■ PROBLEM STATEMENT: Wherever a line in the records contains the word "valued", return that line.

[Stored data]
(* Let $E$ be a graph, $K$ a field with involution, $R$ an involutive $K$-algebra whose involution is positive definite, and $t$ a canonical, $K$-linear, $R$-valued trace on $L_K(E)$. Then $t$ is faithful if and only if both (P) $t\big(v-\sum_{e\in I}\mathbf{r}(e)\big)\ge 0$ for every vertex $v$ and every finite subset $I\subseteq\mathbf{s}^{-1}(v)$, and (F) $t(v)>0$ for every vertex $v$ hold.
   Context: A (directed) graph $E=(E^0,E^1,\mathbf{s},\mathbf{r})$ has vertex set $E^0$, edge set $E^1$, source and range maps; no finiteness or countability is assumed. A path is a vertex $v$ (length $0$, $\mathbf{s}(v)=\mathbf{r}(v)=v$) or a sequence $p=e_1\cdots e_n$ of edges with $\mathbf{r}(e_i)=\mathbf{s}(e_{i+1})$, $\mathbf{s}(p)=\mathbf{s}(e_1)$, $\mathbf{r}(p)=\mathbf{r}(e_n)$. A vertex $v$ is regular if $\mathbf{s}^{-1}(v)$ is nonempty and finite. $K$ is a field with an arbitrary involution $a\mapsto a^*$. $L_K(E)$ is the free $K$-algebra generated by $E^0\cup E^1\cup\{e^*:e\in E^1\}$ subject to (V) $vw=\delta_{v,w}v$; (E1) $\mathbf{s}(e)e=e\mathbf{r}(e)=e$; (E2) $\mathbf{r}(e)e^*=e^*\mathbf{s}(e)=e^*$; (CK1) $e^*f=\delta_{e,f}\mathbf{r}(e)$; (CK2) $v=\sum_{e\in\mathbf{s}^{-1}(v)}ee^*$ for regular $v$; with $p^*=e_n^*\cdots e_1^*$, $v^*=v$, it is involutive via $(\sum a_ip_iq_i^* )^*=\sum a_i^*q_ip_i^*$. An involutive $K$-algebra is a $K$-algebra with an involution (additive, $(xy)^*=y^*x^*$, $x^{**}=x$) such that $(ax)^*=a^*x^*$. $x\ge0$ means $x$ is a finite sum of elements $zz^*$; $x>0$ means $x\ge0$ and $x\ne0$; $x\ge y$ means $x-y\ge0$. The involution is positive definite if $\sum_i x_ix_i^*=0$ implies all $x_i=0$. A trace is an additive map with $t(xy)=t(yx)$; $K$-linear means $t(ax)=at(x)$; $t$ is faithful if $x>0$ implies $t(x)>0$. A trace $t$ on $L_K(E)$ is canonical if $t(pq^* )=\delta_{p,q}\,t(\mathbf{r}(p))$ for all paths $p,q$ with $\mathbf{r}(p)=\mathbf{r}(q)$. *)

theory Defs
  imports Main
begin

text \<open>A graph is given by a vertex type 'v (= E^0), an edge type 'e (= E^1)
  and source/range maps s r :: 'e => 'v.  Generators of the free algebra:
  vertices, edges and ghost edges e^*.\<close>

datatype ('v, 'e) gen = V 'v | Ed 'e | Gh 'e

fun gswap :: "('v, 'e) gen \<Rightarrow> ('v, 'e) gen" where
  "gswap (V v) = V v"
| "gswap (Ed e) = Gh e"
| "gswap (Gh e) = Ed e"

definition wstar :: "('v, 'e) gen list \<Rightarrow> ('v, 'e) gen list" where
  "wstar w = rev (map gswap w)"

text \<open>Elements of the (non-unital) free K-algebra on the generators:
  finitely supported K-valued functions on nonempty words.\<close>

definition Fset :: "(('v, 'e) gen list \<Rightarrow> 'k::field) set" where
  "Fset = {f. finite {w. f w \<noteq> 0} \<and> f [] = 0}"

definition fzero :: "('v, 'e) gen list \<Rightarrow> 'k::field" where
  "fzero = (\<lambda>w. 0)"

definition fadd :: "(('v, 'e) gen list \<Rightarrow> 'k::field) \<Rightarrow> (('v, 'e) gen list \<Rightarrow> 'k) \<Rightarrow> ('v, 'e) gen list \<Rightarrow> 'k" where
  "fadd f g = (\<lambda>w. f w + g w)"

definition fsub :: "(('v, 'e) gen list \<Rightarrow> 'k::field) \<Rightarrow> (('v, 'e) gen list \<Rightarrow> 'k) \<Rightarrow> ('v, 'e) gen list \<Rightarrow> 'k" where
  "fsub f g = (\<lambda>w. f w - g w)"

definition fscal :: "'k::field \<Rightarrow> (('v, 'e) gen list \<Rightarrow> 'k) \<Rightarrow> ('v, 'e) gen list \<Rightarrow> 'k" where
  "fscal a f = (\<lambda>w. a * f w)"

definition fmul :: "(('v, 'e) gen list \<Rightarrow> 'k::field) \<Rightarrow> (('v, 'e) gen list \<Rightarrow> 'k) \<Rightarrow> ('v, 'e) gen list \<Rightarrow> 'k" where
  "fmul f g = (\<lambda>w. \<Sum>i\<in>{0..length w}. f (take i w) * g (drop i w))"

definition fstar :: "('k::field \<Rightarrow> 'k) \<Rightarrow> (('v, 'e) gen list \<Rightarrow> 'k) \<Rightarrow> ('v, 'e) gen list \<Rightarrow> 'k" where
  "fstar ks f = (\<lambda>w. ks (f (wstar w)))"

definition mon :: "('v, 'e) gen list \<Rightarrow> ('v, 'e) gen list \<Rightarrow> 'k::field" where
  "mon w = (\<lambda>u. if u = w then 1 else 0)"

definition fsum :: "('a \<Rightarrow> ('v, 'e) gen list \<Rightarrow> 'k::field) \<Rightarrow> 'a set \<Rightarrow> ('v, 'e) gen list \<Rightarrow> 'k" where
  "fsum g A = (\<lambda>w. \<Sum>a\<in>A. g a w)"

definition fsum_list :: "(('v, 'e) gen list \<Rightarrow> 'k::field) list \<Rightarrow> ('v, 'e) gen list \<Rightarrow> 'k" where
  "fsum_list xs = (\<lambda>w. \<Sum>f\<leftarrow>xs. f w)"

definition regular :: "('e \<Rightarrow> 'v) \<Rightarrow> 'v \<Rightarrow> bool" where
  "regular s v \<longleftrightarrow> {e. s e = v} \<noteq> {} \<and> finite {e. s e = v}"

definition lpa_rels :: "('e \<Rightarrow> 'v) \<Rightarrow> ('e \<Rightarrow> 'v) \<Rightarrow> (('v, 'e) gen list \<Rightarrow> 'k::field) set" where
  "lpa_rels s r =
     {fsub (mon [V v, V w]) (if v = w then mon [V v] else fzero) | v w. True}
   \<union> {fsub (mon [V (s e), Ed e]) (mon [Ed e]) | e. True}
   \<union> {fsub (mon [Ed e, V (r e)]) (mon [Ed e]) | e. True}
   \<union> {fsub (mon [V (r e), Gh e]) (mon [Gh e]) | e. True}
   \<union> {fsub (mon [Gh e, V (s e)]) (mon [Gh e]) | e. True}
   \<union> {fsub (mon [Gh e, Ed f]) (if e = f then mon [V (r e)] else fzero) | e f. True}
   \<union> {fsub (mon [V v]) (fsum (\<lambda>e. mon [Ed e, Gh e]) {e. s e = v}) | v. regular s v}"

text \<open>The two-sided ideal of the free algebra generated by the relations;
  L_K(E) is the quotient Fset / lpa_ideal s r.\<close>
inductive_set lpa_ideal :: "('e \<Rightarrow> 'v) \<Rightarrow> ('e \<Rightarrow> 'v) \<Rightarrow> (('v, 'e) gen list \<Rightarrow> 'k::field) set"
  for s r where
  rel: "x \<in> lpa_rels s r \<Longrightarrow> x \<in> lpa_ideal s r"
| zero: "fzero \<in> lpa_ideal s r"
| add: "x \<in> lpa_ideal s r \<Longrightarrow> y \<in> lpa_ideal s r \<Longrightarrow> fadd x y \<in> lpa_ideal s r"
| scal: "x \<in> lpa_ideal s r \<Longrightarrow> fscal a x \<in> lpa_ideal s r"
| mult_left: "x \<in> lpa_ideal s r \<Longrightarrow> f \<in> Fset \<Longrightarrow> fmul f x \<in> lpa_ideal s r"
| mult_right: "x \<in> lpa_ideal s r \<Longrightarrow> f \<in> Fset \<Longrightarrow> fmul x f \<in> lpa_ideal s r"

■ SOLUTION TO THIS EXERCISE:
(* Let $E$ be a graph, $K$ a field with involution, $R$ an involutive $K$-algebra whose involution is positive definite, and $t$ a canonical, $K$-linear, $R$-valued trace on $L_K(E)$. Then $t$ is faithful if and only if both (P) $t\big(v-\sum_{e\in I}\mathbf{r}(e)\big)\ge 0$ for every vertex $v$ and every finite subset $I\subseteq\mathbf{s}^{-1}(v)$, and (F) $t(v)>0$ for every vertex $v$ hold.
  finitely supported K-valued functions on nonempty words.\<close>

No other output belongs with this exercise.